I looked down. Fizzle sat on a fence post at my elbow, small and compact and insufferable. His golden eyes tracked the drill with the assessing gaze of someone who’d watched warriors train for centuries.

“He’s angry,” I said.

“The two are not mutually exclusive.”

“They are when anger is the only thing keeping someone upright.”

Fizzle made a sound that might have been agreement or might have been dismissal. With him, it was impossible to tell. “He lost seven years. His sister died while he was Endless. He never got to bury her.” A pause. “Anger is a reasonable response.”

I couldn’t argue with that. I’d been angry for less. The difference was that I’d had decades to learn what the bear felt like when it was fed by rage instead of purpose, and I’d learned the hard way that the two didn’t produce the same results.

“When we march,” I said, “I want him commanding the freed Endless who are fighting.”

Fizzle’s head turned sharply. “You want to give an angry man an army.”

“I want to give a man who understands exactly what was taken from those people the responsibility of leading them. He won’t spend their lives carelessly. Not when he knows what they cost.”

The owl griffin stared at me for a long moment. Then he ruffled his feathers and looked away. “Occasionally, you say something that isn’t entirely foolish.”

“High praise.”

“Don’t let it go to your head. It’s already large enough.”

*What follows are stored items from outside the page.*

(* Let $S$ be an entropy function for a finite set $X$ and $X'\subset X$. Then the function $S'$ on $2^{X'}$ defined by \[ S'(A):=\min_{\hat A\subseteq X\setminus X'}S(A\cup\hat A)\qquad(A\subseteq X')\] is an entropy function for $X'$.
   Context: An entropy function for a finite set $X$ is a function $S:2^X\to[0,\infty)$ with $S(\emptyset)=0$, $S(A)+S(B)\ge S(A\cap B)+S(A\cup B)$ and $S(A)+S(B)\ge S(A\setminus B)+S(B\setminus A)$ for all $A,B\subseteq X$. *)

theory Defs
  imports Complex_Main
begin

definition entropy_function :: "'a set \<Rightarrow> ('a set \<Rightarrow> real) \<Rightarrow> bool" where
  "entropy_function X S \<longleftrightarrow>
     finite X \<and>
     (\<forall>A. A \<subseteq> X \<longrightarrow> S A \<ge> 0) \<and>
     S {} = 0 \<and>
     (\<forall>A B. A \<subseteq> X \<longrightarrow> B \<subseteq> X \<longrightarrow> S A + S B \<ge> S (A \<inter> B) + S (A \<union> B)) \<and>
     (\<forall>A B. A \<subseteq> X \<longrightarrow> B \<subseteq> X \<longrightarrow> S A + S B \<ge> S (A - B) + S (B - A))"

definition restrict_entropy :: "'a set \<Rightarrow> 'a set \<Rightarrow> ('a set \<Rightarrow> real) \<Rightarrow> 'a set \<Rightarrow> real" where
  "restrict_entropy X X' S A = Min ((\<lambda>Ahat. S (A \<union> Ahat)) ` Pow (X - X'))"

end

theory Submission
  imports Defs
begin

text \<open>Take minimisers \<open>H\<close>, \<open>K \<subseteq> X - X'\<close> for \<open>A\<close> and \<open>B\<close>. Intersection, union and
difference act separately on the parts inside \<open>X'\<close> and inside \<open>X - X'\<close>, so applying
an inequality of \<open>S\<close> to \<open>A \<union> H\<close> and \<open>B \<union> K\<close> yields the same inequality for the
restricted function, whose values on the right-hand side are only smaller.\<close>

lemma restrict_entropy_le:
  assumes "finite X" "H \<subseteq> X - X'"
  shows "restrict_entropy X X' S A \<le> S (A \<union> H)"
  unfolding restrict_entropy_def using assms by (intro Min_le) auto

lemma restrict_entropy_attained:
  assumes "finite X"
  obtains H where "H \<subseteq> X - X'" "restrict_entropy X X' S A = S (A \<union> H)"
proof -
  have "restrict_entropy X X' S A \<in> (\<lambda>Ahat. S (A \<union> Ahat)) ` Pow (X - X')"
    unfolding restrict_entropy_def using assms by (intro Min_in) auto
  then show ?thesis using that by auto
qed

lemma restrict_entropy_nonneg:
  assumes "entropy_function X S" "X' \<subseteq> X" "A \<subseteq> X'"
  shows "restrict_entropy X X' S A \<ge> 0"
proof -
  have "finite X" using assms(1) unfolding entropy_function_def by blast
  then obtain H where "H \<subseteq> X - X'" "restrict_entropy X X' S A = S (A \<union> H)"
    by (rule restrict_entropy_attained)
  moreover have "A \<union> H \<subseteq> X" using calculation(1) assms(2,3) by blast
  ultimately show ?thesis using assms(1) unfolding entropy_function_def by simp
qed

lemma restrict_entropy_empty:
  assumes "entropy_function X S" "X' \<subseteq> X"
  shows "restrict_entropy X X' S {} = 0"
proof -
  have "finite X" "S {} = 0" using assms(1) unfolding entropy_function_def by blast+
  then have "restrict_entropy X X' S {} \<le> 0"
    using restrict_entropy_le[of X "{}" X' S "{}"] by simp
  then show ?thesis using restrict_entropy_nonneg[OF assms] by fastforce
qed

lemma restrict_entropy_ineq:
  fixes f g :: "'a set \<Rightarrow> 'a set \<Rightarrow> 'a set"
  assumes "finite X" "X' \<subseteq> X" "A \<subseteq> X'" "B \<subseteq> X'"
    and ineq: "\<And>C D. C \<subseteq> X \<Longrightarrow> D \<subseteq> X \<Longrightarrow> S (f C D) + S (g C D) \<le> S C + S D"
    and componentwise: "\<And>H K. H \<subseteq> X - X' \<Longrightarrow> K \<subseteq> X - X' \<Longrightarrow>
      f (A \<union> H) (B \<union> K) = f A B \<union> f H K \<and> g (A \<union> H) (B \<union> K) = g A B \<union> g H K \<and>
      f H K \<subseteq> X - X' \<and> g H K \<subseteq> X - X'"
  shows "restrict_entropy X X' S (f A B) + restrict_entropy X X' S (g A B)
    \<le> restrict_entropy X X' S A + restrict_entropy X X' S B"
proof -
  obtain H where H: "H \<subseteq> X - X'" "restrict_entropy X X' S A = S (A \<union> H)"
    using restrict_entropy_attained[OF assms(1)] by blast
  obtain K where K: "K \<subseteq> X - X'" "restrict_entropy X X' S B = S (B \<union> K)"
    using restrict_entropy_attained[OF assms(1)] by blast
  have "A \<union> H \<subseteq> X" "B \<union> K \<subseteq> X" using H(1) K(1) assms(2-4) by auto
  then have "S (f A B \<union> f H K) + S (g A B \<union> g H K) \<le> S (A \<union> H) + S (B \<union> K)"
    using ineq componentwise[OF H(1) K(1)] by metis
  moreover have "restrict_entropy X X' S (f A B) \<le> S (f A B \<union> f H K)"
    and "restrict_entropy X X' S (g A B) \<le> S (g A B \<union> g H K)"
    using componentwise[OF H(1) K(1)] by (auto intro: restrict_entropy_le[OF assms(1)])
  ultimately show ?thesis using H(2) K(2) by linarith
qed

theorem proposition26:
  fixes X X' :: "'a set" and S :: "'a set \<Rightarrow> real"
  assumes "entropy_function X S"
    and "X' \<subseteq> X"
  shows "entropy_function X' (restrict_entropy X X' S)"
proof -
  have fin: "finite X" using assms(1) unfolding entropy_function_def by blast
  have "finite X'" using fin assms(2) finite_subset by blast
  moreover have "restrict_entropy X X' S (A \<inter> B) + restrict_entropy X X' S (A \<union> B)
      \<le> restrict_entropy X X' S A + restrict_entropy X X' S B"
    if "A \<subseteq> X'" "B \<subseteq> X'" for A B
    using that assms by (intro restrict_entropy_ineq[OF fin assms(2)])
      (auto simp: entropy_function_def)
  moreover have "restrict_entropy X X' S (A - B) + restrict_entropy X X' S (B - A)
      \<le> restrict_entropy X X' S A + restrict_entropy X X' S B"
    if "A \<subseteq> X'" "B \<subseteq> X'" for A B
    using that assms by (intro restrict_entropy_ineq[OF fin assms(2), where f = "(-)"])
      (auto simp: entropy_function_def)
  ultimately show ?thesis
    using restrict_entropy_nonneg[OF assms] restrict_entropy_empty[OF assms]
    unfolding entropy_function_def by blast
qed

end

I left him on his fence post and continued my circuit.

The rest of the morning was logistics. I checked the supply stores with Linnea, a Summer Court Fae who’d taken charge of provisions. We had enough for the march if we were careful but not enough for a prolonged siege. That meant we needed to hit hard and fast once we reached the Winter Court. No drawn-out campaign. No war of attrition. Get in, fight, finish it.

I checked the weapon stores. The armourers had been working through the night, turning out blades and arrowheads and reinforcing shields with whatever metal the Spring Court’s forges could produce. The quality was mixed but the quantity was at least sufficient. Not everyone would have a sword, but everyone who could fight would have something sharp to hold.